(Records supplied begins)
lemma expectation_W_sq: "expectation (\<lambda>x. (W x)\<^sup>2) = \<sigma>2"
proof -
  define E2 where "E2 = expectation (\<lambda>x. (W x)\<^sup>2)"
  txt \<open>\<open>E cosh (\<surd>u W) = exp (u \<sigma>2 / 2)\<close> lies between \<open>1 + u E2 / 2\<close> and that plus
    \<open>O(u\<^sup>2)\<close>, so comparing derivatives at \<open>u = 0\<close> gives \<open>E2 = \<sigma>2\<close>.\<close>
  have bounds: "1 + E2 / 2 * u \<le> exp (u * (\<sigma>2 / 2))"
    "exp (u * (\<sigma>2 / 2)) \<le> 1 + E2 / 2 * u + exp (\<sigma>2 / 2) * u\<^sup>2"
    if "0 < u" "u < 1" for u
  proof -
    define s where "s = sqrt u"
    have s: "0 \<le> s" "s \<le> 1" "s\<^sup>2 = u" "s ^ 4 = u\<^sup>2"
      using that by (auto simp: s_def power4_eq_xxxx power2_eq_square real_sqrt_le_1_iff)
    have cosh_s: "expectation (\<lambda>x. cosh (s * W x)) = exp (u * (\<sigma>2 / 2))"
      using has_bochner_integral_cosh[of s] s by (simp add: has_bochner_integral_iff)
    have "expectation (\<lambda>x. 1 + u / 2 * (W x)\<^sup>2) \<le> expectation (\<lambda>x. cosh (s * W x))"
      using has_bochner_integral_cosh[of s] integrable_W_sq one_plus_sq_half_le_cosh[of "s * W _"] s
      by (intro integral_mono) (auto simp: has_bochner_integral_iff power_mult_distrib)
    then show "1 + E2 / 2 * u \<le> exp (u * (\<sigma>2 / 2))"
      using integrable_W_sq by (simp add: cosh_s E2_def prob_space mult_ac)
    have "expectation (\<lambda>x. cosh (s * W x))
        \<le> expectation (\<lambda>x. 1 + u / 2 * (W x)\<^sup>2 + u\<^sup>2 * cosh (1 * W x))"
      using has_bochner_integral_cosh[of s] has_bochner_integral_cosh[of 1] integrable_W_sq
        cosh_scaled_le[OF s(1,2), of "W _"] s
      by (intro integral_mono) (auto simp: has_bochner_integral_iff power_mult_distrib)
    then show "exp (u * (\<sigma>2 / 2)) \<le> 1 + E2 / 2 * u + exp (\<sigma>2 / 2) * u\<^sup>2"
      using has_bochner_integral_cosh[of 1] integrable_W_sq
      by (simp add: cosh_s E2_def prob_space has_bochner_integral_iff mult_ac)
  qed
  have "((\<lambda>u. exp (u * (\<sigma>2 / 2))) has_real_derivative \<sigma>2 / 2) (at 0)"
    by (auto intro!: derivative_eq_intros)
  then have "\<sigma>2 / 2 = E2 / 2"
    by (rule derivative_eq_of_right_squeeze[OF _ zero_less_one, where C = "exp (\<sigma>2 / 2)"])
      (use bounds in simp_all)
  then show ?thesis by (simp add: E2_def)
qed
(Records supplied ends)
(Records supplied begins)
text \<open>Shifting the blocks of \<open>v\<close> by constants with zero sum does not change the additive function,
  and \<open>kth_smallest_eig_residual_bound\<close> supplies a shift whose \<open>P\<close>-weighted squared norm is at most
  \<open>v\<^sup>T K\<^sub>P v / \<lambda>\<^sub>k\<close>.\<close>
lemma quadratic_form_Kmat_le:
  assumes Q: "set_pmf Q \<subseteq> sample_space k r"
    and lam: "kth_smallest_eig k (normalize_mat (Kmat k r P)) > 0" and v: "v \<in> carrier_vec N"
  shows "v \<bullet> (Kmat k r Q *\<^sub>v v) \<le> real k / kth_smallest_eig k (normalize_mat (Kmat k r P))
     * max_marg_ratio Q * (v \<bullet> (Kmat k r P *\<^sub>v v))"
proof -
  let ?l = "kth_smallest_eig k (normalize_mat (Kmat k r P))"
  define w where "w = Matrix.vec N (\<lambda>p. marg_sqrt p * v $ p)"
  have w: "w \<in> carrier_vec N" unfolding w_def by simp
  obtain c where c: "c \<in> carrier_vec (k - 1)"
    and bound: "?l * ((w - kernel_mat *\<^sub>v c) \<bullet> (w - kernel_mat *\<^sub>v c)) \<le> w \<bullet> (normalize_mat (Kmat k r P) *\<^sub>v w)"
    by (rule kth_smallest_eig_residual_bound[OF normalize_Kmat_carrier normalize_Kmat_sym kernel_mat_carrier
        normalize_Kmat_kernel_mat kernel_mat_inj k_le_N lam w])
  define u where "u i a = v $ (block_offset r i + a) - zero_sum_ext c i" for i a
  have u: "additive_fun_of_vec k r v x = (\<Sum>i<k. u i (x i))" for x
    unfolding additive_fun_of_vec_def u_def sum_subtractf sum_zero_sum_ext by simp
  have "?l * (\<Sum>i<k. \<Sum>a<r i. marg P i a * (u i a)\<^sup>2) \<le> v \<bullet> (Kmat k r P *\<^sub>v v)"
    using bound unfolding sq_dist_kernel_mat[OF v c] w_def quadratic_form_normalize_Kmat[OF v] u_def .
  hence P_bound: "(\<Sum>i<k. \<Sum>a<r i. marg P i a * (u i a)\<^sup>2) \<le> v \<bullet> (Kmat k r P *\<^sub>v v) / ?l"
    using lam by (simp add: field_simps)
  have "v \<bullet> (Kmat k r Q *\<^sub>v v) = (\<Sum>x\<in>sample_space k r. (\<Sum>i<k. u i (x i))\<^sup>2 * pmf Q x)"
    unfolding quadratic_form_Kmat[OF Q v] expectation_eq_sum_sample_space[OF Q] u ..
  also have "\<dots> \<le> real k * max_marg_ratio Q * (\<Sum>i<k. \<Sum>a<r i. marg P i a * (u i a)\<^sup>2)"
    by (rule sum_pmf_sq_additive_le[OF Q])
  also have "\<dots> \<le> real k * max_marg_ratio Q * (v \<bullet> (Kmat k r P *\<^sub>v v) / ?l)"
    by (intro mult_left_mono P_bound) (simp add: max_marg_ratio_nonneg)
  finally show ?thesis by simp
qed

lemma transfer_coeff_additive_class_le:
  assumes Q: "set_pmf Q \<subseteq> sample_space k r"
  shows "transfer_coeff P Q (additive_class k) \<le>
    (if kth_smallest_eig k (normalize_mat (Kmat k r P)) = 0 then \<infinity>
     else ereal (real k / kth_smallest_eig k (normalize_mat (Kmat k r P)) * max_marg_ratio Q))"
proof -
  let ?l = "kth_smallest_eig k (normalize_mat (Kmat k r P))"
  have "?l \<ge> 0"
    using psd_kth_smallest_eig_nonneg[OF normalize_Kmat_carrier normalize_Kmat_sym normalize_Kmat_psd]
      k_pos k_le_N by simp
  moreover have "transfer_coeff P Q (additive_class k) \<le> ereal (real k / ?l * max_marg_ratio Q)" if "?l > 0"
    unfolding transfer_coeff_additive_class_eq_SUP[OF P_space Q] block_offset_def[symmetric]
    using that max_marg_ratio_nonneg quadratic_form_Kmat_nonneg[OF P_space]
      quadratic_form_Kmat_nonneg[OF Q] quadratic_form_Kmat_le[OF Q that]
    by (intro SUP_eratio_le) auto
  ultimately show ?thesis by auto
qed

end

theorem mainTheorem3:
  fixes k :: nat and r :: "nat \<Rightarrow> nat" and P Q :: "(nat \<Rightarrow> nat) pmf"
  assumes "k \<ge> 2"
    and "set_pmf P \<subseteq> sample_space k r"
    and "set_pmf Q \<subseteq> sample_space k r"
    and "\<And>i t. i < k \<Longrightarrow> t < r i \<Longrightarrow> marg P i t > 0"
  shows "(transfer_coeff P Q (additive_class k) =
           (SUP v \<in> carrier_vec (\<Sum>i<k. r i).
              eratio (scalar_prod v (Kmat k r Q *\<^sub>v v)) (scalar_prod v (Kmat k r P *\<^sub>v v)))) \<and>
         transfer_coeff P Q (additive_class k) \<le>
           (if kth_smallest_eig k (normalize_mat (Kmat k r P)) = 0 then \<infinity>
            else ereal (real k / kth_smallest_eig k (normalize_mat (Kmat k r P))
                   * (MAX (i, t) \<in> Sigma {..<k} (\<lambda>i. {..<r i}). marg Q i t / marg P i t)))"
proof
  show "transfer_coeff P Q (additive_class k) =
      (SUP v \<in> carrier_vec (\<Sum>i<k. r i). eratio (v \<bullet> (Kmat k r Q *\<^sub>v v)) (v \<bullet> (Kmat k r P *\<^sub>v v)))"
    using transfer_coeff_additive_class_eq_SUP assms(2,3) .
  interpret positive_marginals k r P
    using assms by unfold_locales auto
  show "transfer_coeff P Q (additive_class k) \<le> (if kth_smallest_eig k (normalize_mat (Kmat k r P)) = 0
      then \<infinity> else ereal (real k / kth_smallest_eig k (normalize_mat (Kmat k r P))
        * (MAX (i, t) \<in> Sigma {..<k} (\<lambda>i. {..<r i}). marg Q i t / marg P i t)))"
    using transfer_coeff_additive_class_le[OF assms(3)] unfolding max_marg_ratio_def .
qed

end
(Records supplied ends)
Among the lines above, find those holding "lemma" and copy each one.

lemma expectation_W_sq: "expectation (\<lambda>x. (W x)\<^sup>2) = \<sigma>2"
lemma quadratic_form_Kmat_le:
lemma transfer_coeff_additive_class_le:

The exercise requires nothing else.